I've checked clang source code for a while and found that include/clang/Driver/Options.td contains the related options, but unfortunately I failed to find the source files that include that file, so I'm still not aware of the mechanism.
I hope someone might give me some hints.

(TL;DontWannaRead - skip to the end of this answer)
To answer your question properly you first need to understand the difference between a compiler's front-end and back-end (especially the first one).
Clang is a compiler front-end (http://en.wikipedia.org/wiki/Clang) for C, C++, Objective C and Objective C++ languages.
Clang's duty is the following:
i.e. translating from C++ source code (or C, or Objective C, etc..) to LLVM IR, a textual lower-level representation of what should that code do. In order to do this Clang employs a number of sub-modules whose descriptions you could find in any decent compiler construction book: lexer, parser + a semantic analyzer (Sema), etc..
LLVM is a set of libraries whose primary task is the following: suppose we have the LLVM IR representation of the following C++ function
int double_this_number(int num) {
int result = 0;
result = num;
result = result * 2;
return result;
}
the core of the LLVM passes should optimize LLVM IR code:
What to do with the optimized LLVM IR code is entirely up to you: you can translate it to x86_64 executable code or modify it and then spit it out as ARM executable code or GPU executable code. It depends on the goal of your project.

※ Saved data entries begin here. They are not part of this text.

(* Let $D$ and $A$ be as in the context, and let $f$ be any map from the set $Y=\{y_1,\dots,y_d\}$ to $A$. Then there exists a derivation $\tau\in\mathrm{Der}(D,A)$ with $\tau|_Y=f$.
   Context: $p$ is an odd prime, $d\geq 2$. $D=\langle y_1,\dots,y_d\rangle$ is a finite $p$-group of exponent $p$ and nilpotency class $2$ with $|D/\Phi(D)|=p^d$ and $|\Phi(D)/\gamma_3(D)|=p^{\binom d2}$ (the free group of rank $d$ in the variety of class-$\le2$ exponent-$p$ groups). Let $S=\langle a\rangle\cong\mathrm{F}_p$ be the trivial $D$-module, and for $1\le j\le d$ let $\delta_j:D\to S$ be the homomorphism with $\delta_j(y_j)=a$ and $\delta_j(y_i)=0$ for $i\ne j$. Let $A=S\oplus\bigoplus_{i=1}^d\langle r_i\rangle$ with each $\langle r_i\rangle\cong\mathrm{F}_p$, with $D$-action $(la+\sum_i k_ir_i)^g=la+\sum_i k_i(r_i-\delta_i(g))$ for $g\in D$. Derivations $\tau:D\to A$ satisfy $\tau(xy)=\tau(x)^y+\tau(y)$. *)

theory Defs
  imports "HOL-Algebra.Algebra" "HOL-Number_Theory.Residues"
begin

definition maximal_subgroup :: "('a, 'b) monoid_scheme \<Rightarrow> 'a set \<Rightarrow> bool" where
  "maximal_subgroup G H \<longleftrightarrow> subgroup H G \<and> H \<noteq> carrier G \<and>
     (\<forall>K. subgroup K G \<and> H \<subseteq> K \<longrightarrow> K = H \<or> K = carrier G)"

definition frattini :: "('a, 'b) monoid_scheme \<Rightarrow> 'a set" where
  "frattini G = carrier G \<inter> \<Inter> {H. maximal_subgroup G H}"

The term "back-end" is often confusing since there are many papers that would define the LLVM libraries a "middle end" in a compiler chain and define the "back end" as the final module which does the code generation (LLVM IR to executable code or something else which no longer needs processing by the compiler). Other sources refer to LLVM as a back end to Clang. Either way, their role is clear and they offer a powerful mechanism: whatever the language you're targeting (C++, C, Objective C, Python, etc..) if you have a front-end which translates it to LLVM IR, you can use the same set of LLVM libraries to optimize it and, as long as you have a back-end for your target architecture, you can generate optimized executable code.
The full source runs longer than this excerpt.